A collaborative mosaic project funded by Macalester College’s Live It, Dream It Grant (2015). This project was led and facilitated by Juliette Myers in collaboration with mosaic artist Lori Greene, owner and founder of art studio Mosaic On A Stick.

In 2015, I spent the summer in Minnesota leading a community project called the Mosaic Voices Project. I worked in collaboration with the nonprofit, Women’s Initiative for Self-Empowerment (WISE) and mosaic artist Lori Greene at Mosaic on A Stick in Saint Paul. WISE is an organization which runs a program called Girls Getting Ahead in Leadership (GGAL), a program that helps the underserved immigrant and refugee high school aged-girls to develop self-confidence and leadership skills through college access, English tutoring, and civic engagement. The organization works primarily with girls from Thailand, Burma, Somalia, but also includes Laotian, Indian, and Nepalese girls. I had been working with this organization for a year and wanted to organize a community art project for the girls in the program.
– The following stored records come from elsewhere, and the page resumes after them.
lemma has_sum_dirichlet_dconv:
  fixes a b :: "nat \<Rightarrow> complex" and s :: complex
  assumes a: "(\<lambda>n. norm (a n / of_nat n powr s)) summable_on {1..}"
    and b: "(\<lambda>n. norm (b n / of_nat n powr s)) summable_on {1..}"
  shows "((\<lambda>n. dconv a b n / of_nat n powr s) has_sum
           (\<Sum>\<^sub>\<infinity>n\<in>{1..}. a n / of_nat n powr s) * (\<Sum>\<^sub>\<infinity>n\<in>{1..}. b n / of_nat n powr s)) {1..}"
proof -
  define a' b' where "a' = (\<lambda>n. a n / of_nat n powr s)" and "b' = (\<lambda>n. b n / of_nat n powr s)"
  let ?L = "infsum a' {1..} * infsum b' {1..}"
  have "((\<lambda>(d, e). a' d * b' e) has_sum ?L) ({1..} \<times> {1..})"
    using has_sum_product[OF a b] by (simp add: a'_def b'_def)
  also have "?this \<longleftrightarrow> ((\<lambda>(n, d). a' d * b' (n div d)) has_sum ?L) (SIGMA n:{1..}. {d. d dvd n})"
    by (rule has_sum_reindex_bij_witness[symmetric,
          where i = "\<lambda>(d, e). (d * e, d)" and j = "\<lambda>(n, d). (d, n div d)"])
       (auto elim!: dvdE simp: Suc_le_eq)
  finally have pairs: "((\<lambda>(n, d). a' d * b' (n div d)) has_sum ?L) (SIGMA n:{1..}. {d. d dvd n})" .
  have "((\<lambda>d. a' d * b' (n div d)) has_sum dconv a b n / of_nat n powr s) {d. d dvd n}"
    if "n \<in> {1..}" for n
  proof -
    have "(\<Sum>d | d dvd n. a' d * b' (n div d)) =
          (\<Sum>d | d dvd n. a d * b (n div d) / of_nat n powr s)"
    proof (rule sum.cong)
      fix d assume "d \<in> {d. d dvd n}"
      then have "(of_nat n :: complex) = of_nat d * of_nat (n div d)"
        by (simp flip: of_nat_mult)
      then show "a' d * b' (n div d) = a d * b (n div d) / of_nat n powr s"
        by (simp add: a'_def b'_def powr_times_real)
    qed simp
    moreover have "finite {d. d dvd n}" using that by (simp add: finite_divisors_nat)
    ultimately show ?thesis
      by (simp add: dconv_def sum_divide_distrib has_sum_finite_iff)
  qed
  then have "((\<lambda>n. dconv a b n / of_nat n powr s) has_sum ?L) {1..}"
    by (intro has_sum_SigmaD[OF pairs]) simp
  then show ?thesis by (simp add: a'_def b'_def)
qed

lemma ratio_mult_dirichlet_series_nonzero:
  fixes x y :: "nat \<Rightarrow> complex" and s :: complex
  assumes xy: "(\<lambda>n. norm (ratio_mult x y n / of_nat n powr s)) summable_on {1..}"
    and yx: "(\<lambda>n. norm (ratio_mult y x n / of_nat n powr s)) summable_on {1..}"
  shows "(\<Sum>\<^sub>\<infinity>n\<in>{1..}. ratio_mult x y n / of_nat n powr s) \<noteq> 0"
proof -
  have "((\<lambda>n. dconv (ratio_mult x y) (ratio_mult y x) n / of_nat n powr s) has_sum 1) {1..}"
  proof (rule has_sum_cong_neutral[THEN iffD1])
    show "((\<lambda>_. 1) has_sum (1::complex)) {1::nat}"
      using has_sum_finite[of "{1::nat}" "\<lambda>_. 1::complex"] by simp
  qed (auto simp: dconv_ratio_mult_swap)
  with has_sum_dirichlet_dconv[OF xy yx] show ?thesis
    using has_sum_unique by fastforce
qed

lemma dist_term_commute: "dist_term \<beta> f g = dist_term \<beta> g f"
  by (simp add: dist_term_def fun_eq_iff mult.commute)

lemma ratio_mult_abs_summable_of_dist_term:
  fixes f g :: "nat \<Rightarrow> complex" and \<beta> :: real and s :: complex
  assumes f: "\<And>n. n \<ge> 1 \<Longrightarrow> norm (f n) \<le> 1" and g: "\<And>n. n \<ge> 1 \<Longrightarrow> norm (g n) \<le> 1"
    and D: "dist_term \<beta> f g summable_on {p. prime p}"
    and \<beta>: "\<beta> > 0" and s: "Re s > (1 + \<beta>) / 2"
  shows "(\<lambda>n. norm (ratio_mult f g n / of_nat n powr s)) summable_on {1..}"
proof (rule ratio_mult_abs_summable)
  show "Re s > 0" using s \<beta> by (smt (verit) half_gt_zero)
  show "norm (g p) \<le> 1" if "prime p" for p
    using g prime_ge_1_nat[OF that] by blast
  show "(\<lambda>p. norm (g p - f p) * real p powr - Re s) summable_on {p. prime p}"
    by (rule summable_on_norm_diff_powr[OF f g D s])
qed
I received the Live It, Dream It grant from Macalester college to create the Mosaic Voices project. The vision for the project was to collaborate with the girls of GGAL to create a community mosaic project centered around the themes of courage, compassion, and creative self-expression. Many of the girls were still learning English, and were recovering from trauma after escaping from the violence of political turmoil in their home countries. After working with the girls and developing relationships with them for a year, I wanted to explore the possibilities of art as a tool for language, connection, and healing through creative expression. I wanted to work with mosaic because of the inherent symbolism of the medium- creating beauty through unity out of pieces that were broken and dismembered. Throughout the program which was 7 weeks long, I facilitated discussions surrounding identity, self-reflection, and art as a process of self-expression and healing, while Lori taught the girls the process of mosaic-making. Each of the girls created their own mosaic artwork based off both the facilitated and organic conversations that happened over the course of the summer. At the end of the program, the final works were installed in the group therapy room at the center for Breaking Free (an organization that supports women who are in recovery from abuse and trafficking). At the end of the project, the girls expressed that they felt a sense of pride in creating their own work of art for a cause they cared about, and also found great joy in the artistic process.